Typically installed package for go14 has just been installed before ths go build and it ends up corrupted, requiring a pkg_delete go14;pkg_admin rebuild; pkg_add .../go14

>How-To-Repeat:
drop to boot prmopt
boot -1

cd pkgsrc/lang/go
cvs update -rpkgsrc-2017Q4
make depends; sync
make install

>Fix:


>Release-Note:

>Audit-Trail:
From: coypu@sdf.org
To: gnats-bugs@netbsd.org
Cc: 
Subject: Re: port-xen/53053: Building lang/go hangs DOM0 xen kernel
Date: Sun, 25 Feb 2018 15:39:13 +0000

 Hand transcribed backtrace
 NOTE: xen dom0 kernels aren't MULTIPROCESSOR.

 cv_wait_sig
 lwp_wait
 exit_lwps
 exit1
 sys_exit
 syscall

Reproduced on -current amd64 (non-xen), boot with multiprocessor disabled.

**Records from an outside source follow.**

lemma reflect_poly_inject:
  assumes "degree p = degree q"
  shows "reflect_poly p = reflect_poly q \<longleftrightarrow> p = q"
proof
  assume reflect_eq: "reflect_poly p = reflect_poly q"
  show "p = q"
  proof (rule poly_eqI)
    fix n
    show "coeff p n = coeff q n"
    proof (cases "n \<le> degree p")
      case True
      then have "coeff p n = coeff (reflect_poly p) (degree p - n)"
        and "coeff q n = coeff (reflect_poly q) (degree q - n)"
        using assms by (auto simp: coeff_reflect_poly)
      then show ?thesis by (simp add: reflect_eq assms)
    qed (use assms in \<open>simp add: coeff_eq_0\<close>)
  qed
qed simp

lemma signed_coeffs_reflect_eq_iff_X_minus_one_power_mult:
  fixes P Q :: "'a::idom poly"
  assumes P: "monic P" "degree P = q + m" and Q: "monic Q" "degree Q = m"
  shows "(\<forall>l\<in>{1..q + m}. (-1) ^ l * coeff (reflect_poly P) l =
      (\<Sum>i = l - m..min q l. of_nat (q choose i) * ((-1) ^ (l - i) * coeff (reflect_poly Q) (l - i))))
    \<longleftrightarrow> P = [:-1, 1:] ^ q * Q" (is "?identities \<longleftrightarrow> _")
proof -
  define R where "R = [:-1, 1:] ^ q * Q"
  have E: "monic ([:-1, 1:] ^ q :: 'a poly)" "degree ([:-1, 1:] ^ q :: 'a poly) = q"
    by (simp_all add: coeff_linear_poly_power degree_linear_power)
  have "[:-1, 1:] ^ q \<noteq> (0 :: 'a poly)" "Q \<noteq> 0"
    using Q by auto
  then have "degree R = q + m"
    using E Q by (simp add: R_def degree_mult_eq)
  moreover have "monic R"
    unfolding R_def lead_coeff_mult using E Q by simp
  ultimately have R: "monic R" "degree R = q + m" by simp_all
  have "reflect_poly [:-1, 1:] = ([:1, -1:] :: 'a poly)"
    by (simp add: reflect_poly_def)
  then have "reflect_poly R = [:1, -1:] ^ q * reflect_poly Q"
    by (simp add: R_def reflect_poly_mult reflect_poly_power)
  moreover have "degree (reflect_poly Q) \<le> m"
    using Q degree_reflect_poly_le[of Q] by simp
  ultimately have "?identities \<longleftrightarrow> (\<forall>l\<in>{1..q + m}. coeff (reflect_poly P) l = coeff (reflect_poly R) l)"
    by (simp add: signed_coeff_one_minus_X_power_mult[symmetric])
  also have "\<dots> \<longleftrightarrow> reflect_poly P = reflect_poly R"
  proof
    assume coeffs: "\<forall>l\<in>{1..q + m}. coeff (reflect_poly P) l = coeff (reflect_poly R) l"
    show "reflect_poly P = reflect_poly R"
    proof (rule poly_eqI)
      fix l
      consider "l = 0" | "l \<in> {1..q + m}" | "q + m < l" by fastforce
      then show "coeff (reflect_poly P) l = coeff (reflect_poly R) l"
        by cases (use coeffs P R in \<open>auto simp: coeff_reflect_poly\<close>)
    qed
  qed simp
  also have "\<dots> \<longleftrightarrow> P = R"
    using P R by (simp add: reflect_poly_inject)
  finally show ?thesis unfolding R_def .
qed

lemma det_one_minus_smult:
  fixes A :: "'a::field mat"
  assumes A: "A \<in> carrier_mat n n"
  shows "det (1\<^sub>m n - c \<cdot>\<^sub>m A) = poly (reflect_poly (char_poly A)) c"
proof (cases "c = 0")
  case True
  have "1\<^sub>m n - c \<cdot>\<^sub>m A = 1\<^sub>m n" using A True by (intro eq_matI) auto
  then show ?thesis using True degree_monic_char_poly[OF A] by simp
next
  case False
  have "1\<^sub>m n - c \<cdot>\<^sub>m A = c \<cdot>\<^sub>m (- char_matrix A (inverse c))"
    using A False by (intro eq_matI) (auto simp: char_matrix_def field_simps)
  then have "det (1\<^sub>m n - c \<cdot>\<^sub>m A) = c ^ n * poly (char_poly A) (inverse c)"
    using A by (simp add: char_poly_matrix[OF A] char_matrix_def)
  then show ?thesis
    using False degree_monic_char_poly[OF A] by (simp add: poly_reflect_poly_nz)
qed

lemma ctrans_carrier [simp]: "z \<in> carrier_mat n m \<Longrightarrow> ctrans z \<in> carrier_mat m n"
  by (simp add: ctrans_def)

From: David Holland <dholland-bugs@netbsd.org>
To: gnats-bugs@NetBSD.org
Cc: 
Subject: Re: port-xen/53053: Building lang/go hangs DOM0 xen kernel
Date: Wed, 21 Mar 2018 20:04:46 +0000

 On Sun, Feb 25, 2018 at 03:40:01PM +0000, coypu@sdf.org wrote:
  >  Hand transcribed backtrace
  >  NOTE: xen dom0 kernels aren't MULTIPROCESSOR.
  >  
  >  cv_wait_sig
  >  lwp_wait
  >  exit_lwps
  >  exit1
  >  sys_exit
  >  syscall

 That should not be able to wedge the system... are you sure the system
 is really dead and it's not an application-level deadlock?

 -- 
 David A. Holland
 dholland@netbsd.org

From: coypu@sdf.org
To: gnats-bugs@netbsd.org
Cc: 
Subject: Re: port-xen/53053: Building lang/go hangs DOM0 xen kernel
Date: Wed, 21 Mar 2018 21:46:27 +0000

 > That should not be able to wedge the system... are you sure the system
 > is really dead and it's not an application-level deadlock?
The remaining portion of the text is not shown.